A project log for YAMS Yet Another Merge Sort

There are already so many sorting algorithms... So let's make another!

yann-guidon-ygdesYann Guidon / YGDES 09/04/2022 at 08:050 Comments

The last log has shown the results of the latest development work, which ensures that input data are correctly pre-sorted into ascending runs as they arrive, at the cost of more than doubling the working area (which is not surprising for a merge sort). In return, there is very little data movement, as the reference frame of the data moves with the data (in the dual-ended circular buffer). So now we can finally focus on merging the runs !

The merge sort idea has a huge appeal because it is so conceptually simple yet efficient. Take two streams of data, and only pick the highest of both values to put in the output stream, and update the pointer to the elected stream. That's all. The implementation spends more code handling the pointers than sorting. There is a lot of headroom for enhancement then.

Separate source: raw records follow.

lemma push_off_with_small_translates:
  assumes "compact_space Y" "Hausdorff_space Y" "Z_set Y Z" and X: "X = topspace Y - Z"
    and act: "continuous_action G (subtopology Y X) \<phi>"
    and null: "nullity_condition G Y X \<phi>"
    and C: "compactin (subtopology Y X) C"
    and \<U>: "\<And>U. U \<in> \<U> \<Longrightarrow> openin (subtopology Y Z) U" "Z \<subseteq> \<Union>\<U>"
  obtains h where "continuous_map (subtopology Y Z) (subtopology Y X) h"
    "\<And>g. g \<in> carrier G \<Longrightarrow> {z \<in> Z. h z \<in> \<phi> g ` C} \<noteq> {} \<Longrightarrow>
       \<exists>U\<in>\<U>. {z \<in> Z. h z \<in> \<phi> g ` C} \<subseteq> U"
proof -
  have Zcl: "closedin Y Z" using assms(3) by (simp add: Z_set_def)
  obtain \<A> where \<A>: "finite \<A>" "Z \<subseteq> \<Union>\<A>"
    "\<And>A. A \<in> \<A> \<Longrightarrow> openin Y A \<and> (\<exists>U\<in>\<U>. Y closure_of A \<inter> Z \<subseteq> U)"
    using shrink_relative_open_cover[OF assms(1,2) Zcl \<U>] by metis
  obtain u where u: "\<And>A. A \<in> \<A> \<Longrightarrow> u A \<in> \<U> \<and> Y closure_of A \<inter> Z \<subseteq> u A"
    using \<A>(3) by metis
  have "normal_space Y"
    using assms(1,2) by (simp add: compact_Hausdorff_or_regular_imp_normal_space)
  moreover have "closedin Y (topspace Y - \<Union>\<A>)"
    using \<A>(3) by (intro closedin_diff closedin_topspace openin_Union) blast
  moreover have "disjnt Z (topspace Y - \<Union>\<A>)" using \<A>(2) by (auto simp: disjnt_def)
  ultimately obtain D E where DE: "openin Y D" "openin Y E" "Z \<subseteq> D"
    "topspace Y - \<Union>\<A> \<subseteq> E" "disjnt D E"
    using Zcl by (metis normal_space_def)
  text \<open>Translates of \<open>C\<close> inside \<open>E\<close> miss \<open>f ` Z \<subseteq> D\<close> for the push-off \<open>f\<close> chosen below; the
    finitely many fitting in no member of \<open>insert E \<A>\<close> make up the compact \<open>Q \<subseteq> X\<close> that \<open>f\<close> avoids.\<close>
  define Bad where "Bad = {g \<in> carrier G. \<not> (\<exists>W\<in>insert E \<A>. \<phi> g ` C \<subseteq> W)}"
  have "finite Bad" unfolding Bad_def
  proof (rule null[unfolded nullity_condition_def, rule_format, OF conjI[OF C conjI]])
    show "\<forall>W\<in>insert E \<A>. openin Y W" using DE(2) \<A>(3) by blast
    show "topspace Y \<subseteq> \<Union>(insert E \<A>)" using DE(4) by blast
  qed
  define Q where "Q = (\<Union>g\<in>Bad. \<phi> g ` C)"
  have "compactin (subtopology Y X) Q"
    unfolding Q_def using act C \<open>finite Bad\<close> by (rule compactin_Union_translates) (simp add: Bad_def)
  then have Q: "closedin Y Q" "Q \<inter> Z = {}"
    using assms(2) X by (auto simp: compactin_subtopology compactin_imp_closedin)
  obtain f where f: "continuous_map Y Y f" "f ` topspace Y \<subseteq> topspace Y - Z" "f ` Z \<subseteq> D - Q"
    "\<And>A z. A \<in> \<A> \<Longrightarrow> z \<in> Z \<Longrightarrow> f z \<in> Y closure_of A \<Longrightarrow> z \<in> u A"
    using Z_set_push_off_avoiding[OF assms(1,3) \<A>(1) _ DE(1,3) Q, of u] u \<U>(1) by metis
  show thesis
  proof
    show "continuous_map (subtopology Y Z) (subtopology Y X) f"
      using f(1,2) X by (auto simp: continuous_map_in_subtopology continuous_map_from_subtopology)
    fix g assume g: "g \<in> carrier G" and "{z \<in> Z. f z \<in> \<phi> g ` C} \<noteq> {}"
    then obtain z0 where z0: "z0 \<in> Z" "f z0 \<in> \<phi> g ` C" by blast
    then have "g \<notin> Bad" using f(3) unfolding Q_def by blast
    then obtain W where W: "W \<in> insert E \<A>" "\<phi> g ` C \<subseteq> W" using g unfolding Bad_def by blast
    have "f z0 \<in> D" using f(3) z0(1) by blast
    then have "W \<noteq> E" using DE(5) z0(2) W(2) by (auto simp: disjnt_def)
    with W(1) have "W \<in> \<A>" by blast
    have "{z \<in> Z. f z \<in> \<phi> g ` C} \<subseteq> u W"
    proof
      fix z assume z: "z \<in> {z \<in> Z. f z \<in> \<phi> g ` C}"
      have "W \<subseteq> Y closure_of W" using \<A>(3)[OF \<open>W \<in> \<A>\<close>] by (simp add: closure_of_subset openin_subset)
      then have "f z \<in> Y closure_of W" using z W(2) by blast
      then show "z \<in> u W" using z f(4)[OF \<open>W \<in> \<A>\<close>] by blast
    qed
    then show "\<exists>U\<in>\<U>. {z \<in> Z. f z \<in> \<phi> g ` C} \<subseteq> U" using u[OF \<open>W \<in> \<A>\<close>] by blast
  qed
qed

Modern cores handle many "in flight" instructions at a time, and branch prediction becomes a significant performance bottleneck so the criteria that selected the old, historical, classical sorting algorithms don't hold as before when certain operations were not as costly or cheap. So the idea here is to fill the pipelines with useful work, eventually some might be scrapped but the pipeline should not be flushed as much, data-driven branches are to be avoided. Parallelising operations is also a boost, so several independent instruction threads are interleaved in the pipeline to keep it full, on independent data. That's why processing the runs from both ends is such a great idea and almost doubles the throughput with little effort.

Another aspect to consider is that we could merge/fuse several consecutive runs at the same time. I have decided to limit to 4 runs at once because this makes a total of 5 pointers and counters to keep in the register set, which is tight if you have only 16 registers. Keep some room for the stack pointer & frame, PC and a few other housekeeping variables, and your register set is saturated...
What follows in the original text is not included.